The praise is warranted, especially from one who sees Busio in action every single day. Let’s be frank, reliable and occasionally spectacular relative to his peers is not a level that every player in MLS or LaLiga or Serie A reaches. Surely, however, Vermes is fully cognizant of Busio not being a complete, finished product.

MLSSoccer.com analyst Matt Doyle warns that Busio’s defensive grit needs to be consistent, reliable, even persistent in his article reflecting on Week 7 in MLS. Agreed. At San Jose Earthquakes, Busio was duped defensively seven times and allowed Chris Wondolowski to drift all alone to the back post for a 72nd chance that MLS’s all-time leading scorer should have finished. At times, on the possession side, Busio is too slow to get into available space to be that necessary option for goalkeeper Tim Melia and Ilie and Fontas.

And, while praising Sporting’s budding starlet, Doyle’s goes too far in claiming that Busio has been “setting the tempo and establishing a rhythm for his side while all alone at the back point of the 4-3-3.” Sure, Busio has been a part of that, certainly more so in the May 22nd 3-1 win at San Jose when Fontas did not play, but Ilie and Fontas have been the larger parts.
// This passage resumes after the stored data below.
(* Let $(X,d)$ be a complete metric space with (metric) uniform normal structure and property (P) for nets. Let $\mathcal S$ be a semigroup whose preorder $\le$ is total, and suppose the action $(\mathcal S,X)$ is strong-orbit $k$-Lipschitzian with $k<\tilde N(X)^{-1/2}$. If some orbit is bounded, then there is $z\in X$ such that $sz=z$ for all $s\in\mathcal S$.
   Context: A semigroup action is a map $\mathcal S\times X\to X$, $(s,x)\mapsto sx$, with $(st)x=s(tx)$. $\mathcal S^1$ is $\mathcal S$ with an identity adjoined. The preorder on $\mathcal S$: $s\le t$ iff $t\in\mathcal S^1s=\{s\}\cup\mathcal S s$; it is total if for all $s,t$, $s\le t$ or $t\le s$. The orbit of $x$ is $o(x)=\{x\}\cup\{sx:s\in\mathcal S\}$; $D(x,C)=\sup\{d(x,y):y\in C\}$. The action is strong-orbit $k$-Lipschitzian if $D(sx,o(sy))\le k\,D(x,o(y))$ for all $s\in\mathcal S$, $x,y\in X$. A set is admissible if it is a nonempty intersection of closed balls; ${\rm cov}(C)$ is the intersection of all closed balls containing $C$. $r(A)=\inf_{x\in A}D(x,A)$, $\delta(A)=\sup\{d(x,y):x,y\in A\}$; $\tilde N(X)=\sup\{r(A)/\delta(A)\}$ over admissible $A$ with $\delta(A)>0$, and $X$ has (metric) uniform normal structure if $\tilde N(X)<1$. Property (P) for nets: for any directed preordered index set and any two bounded nets $\{x_s\}$, $\{z_s\}$ in $X$ with $z_s\in{\rm cov}(\{x_j:j\ge s\})$, there is $z\in\bigcap_s{\rm cov}(\{z_j:j\ge s\})$ with $\limsup_s d(z,x_s)\le\limsup_t\limsup_s d(z_t,x_s)$. *)

theory Defs
  imports "HOL-Analysis.Analysis"
begin

definition is_action :: "('b::semigroup_mult \<Rightarrow> 'a \<Rightarrow> 'a) \<Rightarrow> bool" where
  "is_action act \<longleftrightarrow> (\<forall>s t x. act (s * t) x = act s (act t x))"

definition sg_le :: "'b::semigroup_mult \<Rightarrow> 'b \<Rightarrow> bool" where
  "sg_le s t \<longleftrightarrow> t = s \<or> (\<exists>u. t = u * s)"

definition sg_le_total :: "'b::semigroup_mult itself \<Rightarrow> bool" where
  "sg_le_total _ \<longleftrightarrow> (\<forall>s t::'b. sg_le s t \<or> sg_le t s)"

definition orbit :: "('b \<Rightarrow> 'a \<Rightarrow> 'a) \<Rightarrow> 'a \<Rightarrow> 'a set" where
  "orbit act x = insert x (range (\<lambda>s. act s x))"

definition Dsup :: "'a::metric_space \<Rightarrow> 'a set \<Rightarrow> ereal" where
  "Dsup x C = (SUP y\<in>C. ereal (dist x y))"

definition strong_orbit_lipschitz ::
  "('b \<Rightarrow> 'a::metric_space \<Rightarrow> 'a) \<Rightarrow> real \<Rightarrow> bool" where
  "strong_orbit_lipschitz act k \<longleftrightarrow>
     (\<forall>s x y. Dsup (act s x) (orbit act (act s y)) \<le> ereal k * Dsup x (orbit act y))"

definition admissible :: "'a::metric_space set \<Rightarrow> bool" where
  "admissible A \<longleftrightarrow> A \<noteq> {} \<and>
     (\<exists>F. F \<noteq> {} \<and> (\<forall>B\<in>F. \<exists>x r. B = cball x r) \<and> A = \<Inter>F)"

definition cov :: "'a::metric_space set \<Rightarrow> 'a set" where
  "cov C = \<Inter>{cball x r | x r. C \<subseteq> cball x r}"

definition cheb_radius :: "'a::metric_space set \<Rightarrow> ereal" where
  "cheb_radius A = (INF x\<in>A. Dsup x A)"

definition diam_e :: "'a::metric_space set \<Rightarrow> ereal" where
  "diam_e A = (SUP x\<in>A. SUP y\<in>A. ereal (dist x y))"

definition Ntilde_set :: "'a::metric_space itself \<Rightarrow> real set" where
  "Ntilde_set _ = {real_of_ereal (cheb_radius A) / real_of_ereal (diam_e A) | A::'a set.
                     admissible A \<and> diam_e A > 0}"

definition Ntilde :: "'a::metric_space itself \<Rightarrow> real" where
  "Ntilde T = (if Ntilde_set T = {} then 0 else Sup (Ntilde_set T))"

definition uniform_normal_structure :: "'a::metric_space itself \<Rightarrow> bool" where
  "uniform_normal_structure T \<longleftrightarrow> Ntilde T < 1"

definition directed_preorder_on :: "'i set \<Rightarrow> ('i \<Rightarrow> 'i \<Rightarrow> bool) \<Rightarrow> bool" where
  "directed_preorder_on I le \<longleftrightarrow> I \<noteq> {} \<and>
     (\<forall>i\<in>I. le i i) \<and>
     (\<forall>i\<in>I. \<forall>j\<in>I. \<forall>k\<in>I. le i j \<longrightarrow> le j k \<longrightarrow> le i k) \<and>
     (\<forall>i\<in>I. \<forall>j\<in>I. \<exists>k\<in>I. le i k \<and> le j k)"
What is most to like about Busio is that he is aware of what he needs to do to keep reaching new levels. He knows he needs to make a larger impact on each match, knows that he needs to increase those all-important goals and assists numbers. The youngster is working on all that, even the persistent grit:

When Busio does move on to Europe with a club taking an educated gamble on him (I’m guessing after the 2021 season concludes.), he will draw on the benefits he has reaped in Kansas City under Vermes, the Sporting staff, and his teammates’ all-encompassing tutelage. As he possibly starts the progression process all over again, without everyone looking out for him.

The meteoric rise of MLS grads Alphonso Davies and Zach Steffen, and the recent successes of Daryl Dike and Brenden Aaronson in the European theater have dulled our knowledge of reality. If Busio is to see success over there in an opportunistic time frame, he will need to not only exhibit his well-known adaptability, but be consistent, persistent, and reliable right away. And more than occasionally spectacular. Otherwise, he will risk being bogged down in the “potential star” production line. That “great attitude” Vermes lauded will be tested like never before.

May Busio’s “full house” of consistency, reliability, and adaptability, complemented by his natural talent and cultivated ability evolve then (and why not now?) into a royal flush.